I hasten to add, as does the report, that immediate use of congestion pricing on all congested portions of the entire US road system is completely unrealistic. It may be wiser to look just at the Interstate system, which the report does in Chapter 8. Current Interstate capital spending is listed at $16.5 billion per year. The “sustain” scenario with no pricing calls for $24.8 billion-but with pricing that drops to $11.6 billion, less than is now being spent each year. But of course, today’s urban Interstates (where most of the congestion is) also need major improvements, such as the rebuilding the interchange bottlenecks that I wrote about last month. If that were done along with congestion pricing, the annual Interstate investment would be $24.0 billion using a B/C screen of 1.5 (or $30.4 billion with B/C of only 1.0). Without pricing and with the same B/C of 1.5, the annual capital investment would climb to $47 billion.
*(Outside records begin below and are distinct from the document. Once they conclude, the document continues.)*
(* Let $\Gamma=F_r$ ($r\ge2$) be free on $\{a,b,a_3,\dots,a_r\}$, let $n\ge2$, $u_n=a^nba^{-n}b^{-1}$, $D_n=V_{u_n}\subseteq Y$. Let $t\in\Gamma$ and $y\in Y$, and assume $t$ starts with $u_n$. Then $ty\in D_n$ if and only if $y$ does not start with $t^{-1}u_nb$.
   Context: $Y$ is the Gromov boundary of $\Gamma$: infinite reduced words in the generators and their inverses, with $\Gamma$ acting by concatenation and cancellation. For nontrivial $s\in\Gamma$: $y\in Y$ starts with $s$ if $y=sy'$ with $y'\in Y$ and the last letter of the reduced word of $s$ is not the inverse of the first letter of $y'$; $V_s$ is the set of $y\in Y$ starting with $s$; $t\in\Gamma$ starts with $s$ if the reduced word of $t$ begins with the reduced word of $s$. *)

theory Defs
  imports Main "HOL-Library.Sublist"
begin

text \<open>Letters of the free group F_r: (i, True) is generator number i, (i, False) its inverse.
  Generator 0 is a, generator 1 is b, generators 2..r-1 are a_3..a_r.\<close>
type_synonym letter = "nat \<times> bool"

definition inv_letter :: "letter \<Rightarrow> letter" where
  "inv_letter x = (fst x, \<not> snd x)"

definition reduced :: "letter list \<Rightarrow> bool" where
  "reduced w \<longleftrightarrow> (\<forall>i. Suc i < length w \<longrightarrow> w ! Suc i \<noteq> inv_letter (w ! i))"

definition Gamma :: "nat \<Rightarrow> letter list set" where
  "Gamma r = {w. reduced w \<and> (\<forall>x\<in>set w. fst x < r)}"

text \<open>Free reduction of a word (yields the reduced form); group product is red (s @ t).\<close>
fun red :: "letter list \<Rightarrow> letter list" where
  "red [] = []"
| "red (x # xs) = (case red xs of [] \<Rightarrow> [x]
     | y # ys \<Rightarrow> (if y = inv_letter x then ys else x # y # ys))"

definition inv_word :: "letter list \<Rightarrow> letter list" where
  "inv_word w = rev (map inv_letter w)"

text \<open>Gromov boundary Y: infinite reduced words.\<close>
definition Ybd :: "nat \<Rightarrow> (nat \<Rightarrow> letter) set" where
  "Ybd r = {y. (\<forall>i. fst (y i) < r) \<and> (\<forall>i. y (Suc i) \<noteq> inv_letter (y i))}"

definition conc :: "letter list \<Rightarrow> (nat \<Rightarrow> letter) \<Rightarrow> (nat \<Rightarrow> letter)" where
  "conc s y = (\<lambda>i. if i < length s then s ! i else y (i - length s))"

definition lmul :: "letter \<Rightarrow> (nat \<Rightarrow> letter) \<Rightarrow> (nat \<Rightarrow> letter)" where
  "lmul x z = (if z 0 = inv_letter x then (\<lambda>i. z (Suc i)) else conc [x] z)"

definition act :: "letter list \<Rightarrow> (nat \<Rightarrow> letter) \<Rightarrow> (nat \<Rightarrow> letter)" where
  "act t y = foldr lmul t y"

definition starts_Y :: "nat \<Rightarrow> letter list \<Rightarrow> (nat \<Rightarrow> letter) \<Rightarrow> bool" where
  "starts_Y r s y \<longleftrightarrow> s \<noteq> [] \<and>
     (\<exists>y'\<in>Ybd r. y = conc s y' \<and> y' 0 \<noteq> inv_letter (last s))"

definition V :: "nat \<Rightarrow> letter list \<Rightarrow> (nat \<Rightarrow> letter) set" where
  "V r s = {y \<in> Ybd r. starts_Y r s y}"

definition starts_G :: "letter list \<Rightarrow> letter list \<Rightarrow> bool" where
  "starts_G s t \<longleftrightarrow> prefix s t"

definition ga :: letter where "ga = (0, True)"
definition gb :: letter where "gb = (1, True)"

definition u :: "nat \<Rightarrow> letter list" where
  "u n = replicate n ga @ [gb] @ replicate n (inv_letter ga) @ [inv_letter gb]"

end

theory Submission
  imports Defs
begin

text \<open>Write \<open>t = u\<^sub>n w\<close> and put \<open>z = w y\<close>, so that \<open>t y = u\<^sub>n z\<close>. Since \<open>u\<^sub>n\<close> is reduced and
  ends in \<open>b\<^sup>-\<^sup>1\<close>, the product \<open>u\<^sub>n z\<close> is computed without cancellation, and so starts with
  \<open>u\<^sub>n\<close>, exactly when \<open>z\<close> does not start with \<open>b\<close>. On the other side \<open>t\<^sup>-\<^sup>1 u\<^sub>n b\<close> reduces to
  the reduced word \<open>w\<^sup>-\<^sup>1 b\<close>, and \<open>y = w\<^sup>-\<^sup>1 z\<close> starts with \<open>w\<^sup>-\<^sup>1 b\<close> exactly when \<open>z\<close> starts
  with \<open>b\<close>. Only the last letter of \<open>u\<^sub>n\<close> enters, so the argument works for any nonempty
  prefix of \<open>t\<close> in place of \<open>u\<^sub>n\<close>.\<close>

lemma inv_letter_inv_letter [simp]: "inv_letter (inv_letter x) = x"
  by (simp add: inv_letter_def)

lemma fst_inv_letter [simp]: "fst (inv_letter x) = fst x"
  by (simp add: inv_letter_def)

lemma reduced_Nil [simp]: "reduced []"
  by (simp add: reduced_def)

lemma reduced_Cons: "reduced (x # xs) \<longleftrightarrow> reduced xs \<and> (xs \<noteq> [] \<longrightarrow> hd xs \<noteq> inv_letter x)"
proof -
  have split_first: "(\<forall>i::nat. P i) \<longleftrightarrow> P 0 \<and> (\<forall>i. P (Suc i))" for P
    by (metis not0_implies_Suc)
  show ?thesis
    unfolding reduced_def split_first[of "\<lambda>i. Suc i < length (x # xs) \<longrightarrow> _ i"]
    by (auto simp: hd_conv_nth)
qed

lemma reduced_append:
  "reduced (xs @ ys) \<longleftrightarrow> reduced xs \<and> reduced ys \<and>
     (xs \<noteq> [] \<longrightarrow> ys \<noteq> [] \<longrightarrow> hd ys \<noteq> inv_letter (last xs))"
  by (induction xs) (auto simp: reduced_Cons)

lemma inv_word_Cons: "inv_word (x # w) = inv_word w @ [inv_letter x]"
  by (simp add: inv_word_def)

lemma inv_word_append: "inv_word (v @ w) = inv_word w @ inv_word v"
  by (simp add: inv_word_def)

lemma set_inv_word: "set (inv_word w) = inv_letter ` set w"
  by (simp add: inv_word_def)

lemma inv_word_inv_word [simp]: "inv_word (inv_word w) = w"
  by (simp add: inv_word_def rev_map comp_def)

lemma reduced_inv_word: "reduced (inv_word w) \<longleftrightarrow> reduced w"
  by (induction w) (auto simp: inv_word_def reduced_append reduced_Cons last_rev hd_map)

lemma reduced_red: "reduced (red w)"
  by (induction w) (auto simp: reduced_Cons split: list.split)

lemma red_reduced: "reduced w \<Longrightarrow> red w = w"
  by (induction w) (auto simp: reduced_Cons split: list.split)

lemma red_append_red: "red (xs @ red ys) = red (xs @ ys)"
  by (induction xs) (auto simp: red_reduced reduced_red)

lemma red_inv_letter_cancel: "red (inv_letter x # x # zs) = red zs"
  using reduced_red[of zs] by (auto simp: reduced_Cons split: list.split)

lemma red_inv_word_cancel: "red (inv_word v @ v @ zs) = red zs"
proof (induction v arbitrary: zs)
  case Nil
  then show ?case by (simp add: inv_word_def)
next
  case (Cons x v)
  have "red (inv_word (x # v) @ (x # v) @ zs) = red (inv_word v @ red (inv_letter x # x # v @ zs))"
    by (simp add: inv_word_Cons red_append_red del: red.simps)
  also have "\<dots> = red zs"
    by (simp only: red_inv_letter_cancel red_append_red Cons.IH)
  finally show ?case .
qed

lemma red_append_inv_word_cancel: "red (xs @ inv_word v @ v @ zs) = red (xs @ zs)"
  by (metis red_append_red red_inv_word_cancel)

lemma act_Nil [simp]: "act [] y = y"
  by (simp add: act_def)

lemma act_Cons [simp]: "act (x # s) y = lmul x (act s y)"
  by (simp add: act_def)

lemma act_append: "act (s @ t) y = act s (act t y)"
  by (simp add: act_def)

lemma conc_singleton: "conc [x] z = case_nat x z"
  by (rule ext) (simp add: conc_def split: nat.split)

lemma conc_Cons: "conc (x # s) y = conc [x] (conc s y)"
  by (rule ext) (auto simp: conc_def nth_Cons split: nat.split)

lemma lmul_Ybd: "z \<in> Ybd r \<Longrightarrow> fst x < r \<Longrightarrow> lmul x z \<in> Ybd r"
  by (cases "z 0 = inv_letter x") (auto simp: lmul_def conc_singleton Ybd_def split: nat.split)

lemma act_Ybd: "z \<in> Ybd r \<Longrightarrow> \<forall>x\<in>set s. fst x < r \<Longrightarrow> act s z \<in> Ybd r"
  by (induction s) (auto intro: lmul_Ybd)

lemma lmul_inv_letter:
  assumes "z \<in> Ybd r"
  shows "lmul (inv_letter x) (lmul x z) = z"
proof (cases "z 0 = inv_letter x")
  case True
  moreover have "z (Suc 0) \<noteq> x"
    using assms True unfolding Ybd_def by (metis (mono_tags) inv_letter_inv_letter mem_Collect_eq)
  ultimately show ?thesis
    by (intro ext) (simp add: lmul_def conc_singleton split: nat.split)
qed (simp add: lmul_def conc_singleton)

lemma act_inv_word: "z \<in> Ybd r \<Longrightarrow> \<forall>x\<in>set w. fst x < r \<Longrightarrow> act (inv_word w) (act w z) = z"
proof (induction w)
  case Nil
  then show ?case by (simp add: inv_word_def)
next
  case (Cons x w)
  have "act w z \<in> Ybd r" using Cons.prems by (simp add: act_Ybd)
  then show ?case using Cons by (simp add: inv_word_Cons act_append lmul_inv_letter)
qed

lemma act_inv_word': "z \<in> Ybd r \<Longrightarrow> \<forall>x\<in>set w. fst x < r \<Longrightarrow> act w (act (inv_word w) z) = z"
  using act_inv_word[of z r "inv_word w"] by (simp add: set_inv_word)

lemma act_eq_conc:
  assumes "reduced s" and "s \<noteq> [] \<longrightarrow> z 0 \<noteq> inv_letter (last s)"
  shows "act s z = conc s z"
  using assms
proof (induction s)
  case Nil
  then show ?case by (simp add: conc_def)
next
  case (Cons x s)
  show ?case
  proof (cases "s = []")
    case True
    then show ?thesis using Cons.prems by (simp add: lmul_def)
  next
    case False
    then have "act s z = conc s z" and "conc s z 0 \<noteq> inv_letter x"
      using Cons by (simp_all add: reduced_Cons conc_def hd_conv_nth)
    then show ?thesis by (simp add: lmul_def conc_Cons[symmetric])
  qed
qed

lemma starts_Y_iff_act:
  "reduced s \<Longrightarrow> starts_Y r s y \<longleftrightarrow>
     s \<noteq> [] \<and> (\<exists>y'\<in>Ybd r. y = act s y' \<and> y' 0 \<noteq> inv_letter (last s))"
  by (auto simp: starts_Y_def act_eq_conc) (metis act_eq_conc)

lemma starts_Y_act_iff:
  assumes "reduced s" "s \<noteq> []" "\<forall>x\<in>set s. fst x < r" "z \<in> Ybd r"
  shows "starts_Y r s (act s z) \<longleftrightarrow> z 0 \<noteq> inv_letter (last s)"
proof -
  have "act s z = act s z' \<longleftrightarrow> z = z'" if "z' \<in> Ybd r" for z'
    using act_inv_word[OF assms(4) assms(3)] act_inv_word[OF that assms(3)] by metis
  then show ?thesis using assms by (auto simp: starts_Y_iff_act)
qed

lemma starts_Y_singleton_iff: "z \<in> Ybd r \<Longrightarrow> starts_Y r [x] z \<longleftrightarrow> z 0 = x"
proof
  assume "z \<in> Ybd r" "z 0 = x"
  then have "z = conc [x] (\<lambda>i. z (Suc i))" and "(\<lambda>i. z (Suc i)) \<in> Ybd r"
    by (auto simp: conc_singleton Ybd_def split: nat.split)
  moreover have "z (Suc 0) \<noteq> inv_letter x"
    using \<open>z \<in> Ybd r\<close> \<open>z 0 = x\<close> by (auto simp: Ybd_def)
  ultimately show "starts_Y r [x] z" by (auto simp: starts_Y_def)
qed (auto simp: starts_Y_def conc_def)

lemma starts_Y_append_iff:
  assumes "v @ s \<in> Gamma r" "s \<noteq> []" "y \<in> Ybd r"
  shows "starts_Y r (v @ s) y \<longleftrightarrow> starts_Y r s (act (inv_word v) y)"
proof -
  have letters: "\<forall>x\<in>set v. fst x < r" "\<forall>x\<in>set s. fst x < r"
    using assms(1) by (auto simp: Gamma_def)
  have "y = act v (act s y') \<longleftrightarrow> act (inv_word v) y = act s y'" if "y' \<in> Ybd r" for y'
    using act_inv_word[OF act_Ybd[OF that letters(2)] letters(1)] act_inv_word'[OF assms(3) letters(1)]
    by metis
  then show ?thesis
    using assms(1,2) by (auto simp: Gamma_def starts_Y_iff_act reduced_append act_append)
qed

lemma act_in_V_iff_not_starts_Y:
  assumes "t \<in> Gamma r" "y \<in> Ybd r" "prefix s t" "s \<noteq> []"
  shows "act t y \<in> V r s \<longleftrightarrow> \<not> starts_Y r (red (inv_word t @ s @ [inv_letter (last s)])) y"
proof -
  obtain w where t: "t = s @ w" using assms(3) by (auto simp: prefix_def)
  obtain s' x where s: "s = s' @ [x]" using assms(4) rev_exhaust by blast
  have letters: "\<forall>x\<in>set s. fst x < r" "\<forall>x\<in>set w. fst x < r"
    using assms(1) by (auto simp: Gamma_def t)
  have red_s: "reduced s" and "reduced (x # w)"
    using assms(1) by (auto simp: Gamma_def t s reduced_append reduced_Cons)
  then have red_xw: "reduced (inv_word w @ [inv_letter x])"
    by (simp add: reduced_inv_word flip: inv_word_Cons)
  have xw: "inv_word w @ [inv_letter x] \<in> Gamma r"
    using red_xw letters by (auto simp: Gamma_def set_inv_word s)
  define z where "z = act w y"
  have z: "z \<in> Ybd r" using act_Ybd assms(2) letters(2) by (simp add: z_def)
  have "act t y \<in> V r s \<longleftrightarrow> z 0 \<noteq> inv_letter x"
    using starts_Y_act_iff[OF red_s assms(4) letters(1) z] act_Ybd[OF z letters(1)]
    by (simp add: V_def t act_append z_def s)
  moreover have "red (inv_word t @ s @ [inv_letter x]) = inv_word w @ [inv_letter x]"
    using red_append_inv_word_cancel[of "inv_word w" s "[inv_letter x]"] red_reduced[OF red_xw]
    by (simp add: t inv_word_append)
  moreover have "starts_Y r (inv_word w @ [inv_letter x]) y \<longleftrightarrow> z 0 = inv_letter x"
    using starts_Y_append_iff[OF xw _ assms(2)] starts_Y_singleton_iff[OF z]
    by (simp add: z_def)
  ultimately show ?thesis by (simp add: s)
qed

theorem lemma5p6:
  fixes r n :: nat and t :: "letter list" and y :: "nat \<Rightarrow> letter"
  assumes "r \<ge> 2" and "n \<ge> 2"
    and "t \<in> Gamma r" and "y \<in> Ybd r"
    and "starts_G (u n) t"
  shows "act t y \<in> V r (u n) \<longleftrightarrow>
         \<not> starts_Y r (red (inv_word t @ u n @ [gb])) y"
  using act_in_V_iff_not_starts_Y[OF assms(3,4), of "u n"] assms(5)
  by (simp add: starts_G_def u_def)

end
Again, immediate pricing of all congested portions of the Interstate system is not a plausible scenario. But these new scenarios suggest very strongly that some combination of pricing and a meaningful benefit/cost screen (such as 1.5) would permit large-scale productive investment in modernizing the Interstate system, without bankrupting the country. And that’s something I think we should be aiming for in the forthcoming reauthorization.

Risk Transfer in Toll Road Concessions

One of the least-appreciated benefits of long-term toll concessions is the ability to shift important risks from the public sector (taxpayers) to the private-sector parties doing the toll road project. This is not just hype from PPP promoters; we have solid evidence that significant risk is actually transferred in properly structured deals of this type. Among the risks that can be transferred are construction risk, traffic risk, and revenue risk. I was reminded of this point by some of the foolish media blather about the recent Chapter 11 filing of the concession company for San Diego’s South Bay Expressway (SBX). This two-year old toll road fell victim to the housing market collapse, leading to traffic less than half of what was projected.

An ill-informed (but much e-mailed) Washington Times editorial on March 30th, “The Trouble with Tolls,” claimed that the bankruptcy filing showed that the private concession toll road model “is a road to nowhere.” Various bloggers alleged that the taxpayers would get stuck with paying off SBX’s debts, and that if traffic and revenue studies were not kept “secret” until such deals are approved, private toll road deals wouldn’t get off the ground.

South Bay Expressway CEO Greg Hulsizer, in a letter to the public released on March 31st, said that the overall experience with this project shows that the PPP mechanism works. The much-needed road (on the drawing boards since 1959 but perennially unfunded) got built decades earlier than without the PPP mechanism. And, most important, “The financial risk on the project was transferred to the private sector. We and our lenders took the risk that things wouldn’t work out as planned. They haven’t. But the State isn’t on the hook for that. It’s up to us to work it out.”

This is not the first time we’ve seen traffic and revenue risk transfer work successfully in PPP toll roads. Back in 2000 the Camino Colombia toll road opened to traffic in Laredo, TX. Built by investors at a cost of $90 million, it was intended as a truck bypass from the border crossing to I-35. Actual traffic was a small fraction of what they’d projected, leading to a bankruptcy filing several years later. The road was sold at auction in January 2004 to John Hancock Insurance Co. for $12 million-just 13 cents on the dollar. Texas DOT later acquired the like-new toll road from John Hancock for about $20 million, still a great bargain, and it continues as a toll road today.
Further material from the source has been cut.